In September 1940, three months after the Soviet occupation of Lithuania, Soviet police arrested police officer Mikas Radzevičius for shooting at the strikers in Veiveriai.

==Aftermath==
===Government changes===
As a result of the unrest, a new government was formed on 6 September 1935. However, Prime Minister Juozas Tūbelis and most ministers remained the same, only Jonas Pranas Aleksa (Minister of Agriculture) and Steponas Rusteika (Minister of the Internal Affairs) resigned. In a press interview Tūbelis denied that government changes were caused by the strike. On 13 September 1935, police arrested Jonas Lapėnas, the former director of Maistas and former chairman of the Nationalist Union, and accused him of corruption. He was sentenced to eight years in prison, but later acquitted.

The economic crisis and Germany's boycott of Lithuanian exports forced Lithuania to make concessions. Negotiations with Nazi Germany started in March 1936 and a trade treaty was concluded on 5 August 1936. The exports to Germany rebounded, but Lithuania pardoned most of the defendants in the trial of Neumann and Sass and could not take more decisive actions to curb the pro-Nazi propaganda in the Klaipėda Region.

The government made some moves to alleviate the economic hardship of the farmers. The land tax was reduced by 10% and eliminated for three years for new farmers. Repayment of loans to the government owned Land Bank were deferred until 1937. In some instances, foreclosures were delayed.

===Suppression of the opposition===
The government and its official newspaper Lietuvos aidas variously blamed the communists, foreign forces (i.e. Nazi Germany), or local troublemakers (i.e. landless peasants, seasonal farm workers, criminals). The newspaper portrayed farmers as confused, misguided, or coerced by these nefarious forces. Farmers and the military were key supporters of the ruling Lithuanian Nationalist Union. The government also blamed the opposition parties on organizing the strike. There is some evidence that opposition parties (Lithuanian Christian Democratic Party, Lithuanian Popular Peasants' Union, Communist Party of Lithuania, Social Democratic Party of Lithuania) attempted to organize a joint popular front during the strike.

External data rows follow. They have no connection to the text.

lemma dsum_free_one_iso_free_imp_free:
  fixes M :: "('a, 'b) module"
  assumes R: "cring R" and refinement: "refinement_ring R" and M: "module R M"
    and iso: "mod_iso R (dsum M (free_mod R 1)) (free_mod R n)"
  shows "\<exists>k. mod_iso R M (free_mod R k)"
proof (cases n)
  case 0
  then show ?thesis
    using dsum_iso_free_zero[OF iso[unfolded 0] M free_mod_module[OF R]] by blast
next
  case (Suc k)
  obtain Q :: "('a, nat \<Rightarrow> 'a) module" where Q: "module R Q" and M_Q: "mod_iso R M Q"
    using dsum_summand_iso_submodule[OF M free_mod_module[OF R] free_mod_module[OF R] iso] .
  have "mod_iso R (dsum Q (free_mod R 1)) (dsum M (free_mod R 1))"
    using mod_iso_sym[OF M_Q M] mod_iso_refl by (rule mod_iso_dsum)
  then have "mod_iso R (dsum Q (free_mod R 1)) (free_mod R (Suc k))"
    using iso Suc by (blast intro: mod_iso_trans)
  then have "mod_iso R Q (free_mod R k)"
    by (rule refinement_cancel_free_one[OF R refinement Q])
  with M_Q show ?thesis
    by (blast intro: mod_iso_trans)
qed

lemma dsum_free_iso_free_imp_free:
  fixes P :: "('a, 'b) module"
  assumes R: "cring R" and refinement: "refinement_ring R" and P: "module R P"
  shows "mod_iso R (dsum P (free_mod R m)) (free_mod R n) \<Longrightarrow> \<exists>k. mod_iso R P (free_mod R k)"
proof (induction m arbitrary: n)
  case 0
  have "mod_iso R P (dsum P (free_mod R 0))"
    using mod_iso_dsum_free_zero dsum_module[OF P free_mod_module[OF R]] by (rule mod_iso_sym)
  with 0 show ?case
    by (blast intro: mod_iso_trans)
next
  case (Suc m)
  interpret cring R by fact
  have "mod_iso R (dsum P (dsum (free_mod R m) (free_mod R 1))) (dsum P (free_mod R (Suc m)))"
    using mod_iso_refl mod_iso_sym[OF mod_iso_free_Suc[OF ring_axioms] free_mod_module[OF R]]
    by (rule mod_iso_dsum)
  with Suc.prems have "mod_iso R (dsum (dsum P (free_mod R m)) (free_mod R 1)) (free_mod R n)"
    by (blast intro: mod_iso_trans mod_iso_dsum_assoc)
  then obtain k where "mod_iso R (dsum P (free_mod R m)) (free_mod R k)"
    using dsum_free_one_iso_free_imp_free[OF R refinement dsum_module[OF P free_mod_module[OF R]]]
    by blast
  then show ?case
    by (rule Suc.IH)
qed

theorem corollary2p4:
  fixes R :: "('a,'e) ring_scheme" and P :: "('a,'b) module"
  assumes "cring R" and "refinement_ring R" and "stably_free R P"
  shows "free_module R P"
proof -
  obtain m n where P: "module R P" and "mod_iso R (dsum P (free_mod R m)) (free_mod R n)"
    using assms(3) unfolding stably_free_def by blast
  then show ?thesis
    unfolding free_module_def using dsum_free_iso_free_imp_free[OF assms(1,2) P] by blast
qed

end
definition middle :: "nat \<Rightarrow> 'a list" where
  "middle s = list_pow (b # block (fst (prod_decode s))) (Suc (reps s))
     @ list_pow (a # block (fst (prod_decode s))) (reps s) @ [a]"

lemma block_Suc: "block (Suc s) = block s @ middle s @ block s"
  by (simp add: middle_def reps_def)

declare block.simps(2) [simp del]

lemma length_block_Suc_ge: "length (block s) + reps s \<le> length (block (Suc s))"
  by (simp add: block_Suc middle_def)

lemma length_block_add_3_le_reps: "length (block s) + 3 \<le> reps s"
  by (simp add: reps_def)

lemma threshold_le_length_block: "threshold (s + 2) \<le> length (block (Suc s))"
  using length_block_Suc_ge[of s] by (simp add: reps_def)

lemma strict_mono_length_block: "strict_mono (\<lambda>s. length (block s))"
  unfolding strict_mono_Suc_iff
proof
  fix s
  show "length (block s) < length (block (Suc s))"
    using length_block_Suc_ge[of s] length_block_add_3_le_reps[of s] by linarith
qed

lemma length_block_ge: "s \<le> length (block s)"
  using strict_mono_length_block by (rule strict_mono_imp_increasing)

lemma block_prefix: "s \<le> t \<Longrightarrow> \<exists>r. block t = block s @ r"
proof (induction t rule: dec_induct)
  case base
  then show ?case by simp
next
  case (step t)
  then show ?case
    by (auto simp: block_Suc)
qed

lemma set_block_subset: "set (block s) \<subseteq> {a, b}"
proof (induction s rule: less_induct)
  case (less s)
  show ?case
  proof (cases s)
    case 0
    then show ?thesis by simp
  next
    case (Suc t)
    then have "set (block (fst (prod_decode t))) \<subseteq> {a, b}" "set (block t) \<subseteq> {a, b}"
      using less fst_prod_decode_le[of t] by auto
    moreover have "set (list_pow (c # block (fst (prod_decode t))) m) \<subseteq> {a, b}"
      if "c \<in> {a, b}" for c m
      using that calculation(1) set_list_pow_subset[of "c # block (fst (prod_decode t))" m] by auto
    ultimately show ?thesis
      unfolding Suc block_Suc middle_def set_append by (simp only: Un_subset_iff) simp
  qed
qed

lemma count_list_block:
  assumes "a \<noteq> b"
  shows "count_list (block s) a = count_list (block s) b"
proof (induction s rule: less_induct)
  case (less s)
  show ?case
  proof (cases s)
    case 0
    then show ?thesis by simp
  next
    case (Suc t)
    then have "count_list (block (fst (prod_decode t))) a = count_list (block (fst (prod_decode t))) b"
      "count_list (block t) a = count_list (block t) b"
      using less fst_prod_decode_le[of t] by auto
    then show ?thesis
      using assms unfolding Suc block_Suc middle_def by (simp add: count_list_pow algebra_simps)
  qed
qed

definition limit_word :: "nat \<Rightarrow> 'a" where
  "limit_word i = block (Suc i) ! i"

lemma limit_word_eq_nth:
  assumes "i < length (block t)"
  shows "limit_word i = block t ! i"
proof -
  let ?m = "max t (Suc i)"
  obtain r where r: "block ?m = block t @ r"
    using block_prefix[of t ?m] by auto
  obtain r' where r': "block ?m = block (Suc i) @ r'"
    using block_prefix[of "Suc i" ?m] by auto
  have "i < length (block (Suc i))"
    using length_block_ge[of "Suc i"] by simp
  then have "block (Suc i) ! i = block ?m ! i"
    using r' by (simp add: nth_append)
  also have "\<dots> = block t ! i"
    using r assms by (simp add: nth_append)
  finally show ?thesis
    unfolding limit_word_def .
qed

lemma occurs_at_limit_word_iff:
  assumes "i + length x \<le> length (block t)"
  shows "occurs_at limit_word x i \<longleftrightarrow> x = take (length x) (drop i (block t))"
proof -
  have "map (\<lambda>k. limit_word (i + k)) [0..<length x] = take (length x) (drop i (block t))"
    using assms by (intro nth_equalityI) (auto simp: limit_word_eq_nth)
  then show ?thesis
    unfolding occurs_at_def by simp
qed

lemma occurs_at_limit_word:
  assumes "block t = u @ x @ v"
  shows "occurs_at limit_word x (length u)"
  using occurs_at_limit_word_iff[of "length u" x t] assms by simp

lemma range_limit_word_subset: "range limit_word \<subseteq> {a, b}"
proof
  fix c assume "c \<in> range limit_word"
  then obtain i where c: "c = limit_word i"
    by auto
  have "i < length (block (Suc i))"
    using length_block_ge[of "Suc i"] by simp
  then have "c \<in> set (block (Suc i))"
    unfolding c limit_word_def by simp
  then show "c \<in> {a, b}"
    using set_block_subset by blast
qed
(* Let $\vec{\mathcal G}=([n],E)$ be a directed graph with $m=|E|$ edges in which every vertex has at least one outgoing edge and which has a single strongly connected component. Let the weights $(r_{ij})_{(i,j)\in E}$ be independent absolutely continuous random variables with densities $f_{ij}$ satisfying $f_{ij}(y)\le\phi$ for all $(i,j)$ and $y$, for some $\phi>0$. Let $\delta=1/(2n^2m\phi)$. Then $$\mathbb P\bigl(\exists \text{ a cycle } C:\ B_1(r,\delta)\subseteq\mathcal P^{C}\bigr)\ge 1-\frac1n,$$ where $B_1(r,\delta)=\{\tilde r\in\mathbb R^m:\|r-\tilde r\|_1\le\delta\}$.
   Context: The mean weight of a directed cycle is the sum of its edge weights divided by its number of edges. For a directed cycle $C$, $\mathcal P^{C}$ is the set of $r\in\mathbb R^m$ such that $C$ is the unique cycle of minimum mean weight in $\vec{\mathcal G}$ with weights $r$. *)

theory Defs
  imports "HOL-Probability.Probability"
begin

type_synonym edge = "nat \<times> nat"

text \<open>A directed cycle of the graph with edge set E, identified with its edge set:
  a nonempty list of distinct vertices v_0,...,v_{k-1} with edges (v_i, v_{i+1 mod k}) in E.\<close>
definition cycle_edges :: "nat list \<Rightarrow> edge set" where
  "cycle_edges vs = {(vs ! i, vs ! ((i + 1) mod length vs)) | i. i < length vs}"

definition is_cycle :: "edge set \<Rightarrow> edge set \<Rightarrow> bool" where
  "is_cycle E C \<longleftrightarrow> (\<exists>vs. vs \<noteq> [] \<and> distinct vs \<and> C = cycle_edges vs \<and> C \<subseteq> E)"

On 12 October 1935, former presidents and ministers from opposition parties (Lithuanian Christian Democratic Party members Aleksandras Stulginskis, Pranas Dovydaitis, Antanas Tumėnas and Lithuanian Popular Peasants' Union members Kazys Grinius, Mykolas Sleževičius, and Ernestas Galvanauskas) sent a memorandum to President Smetona. They urged the government to take immediate actions to solve the crisis; the most important of such actions would be forming a coalition government that would include members of the opposition and organizing democratic elections to the Seimas (parliament). In response, on 7 November, the government suspended both of these political parties for "activities harmful to the nation and the state". Further, all political parties (except the Nationalist Union) were banned in February 1936. While elections to the Fourth Seimas of Lithuania were held in June 1936, the Nationalist Union ensured its full control of the legislature.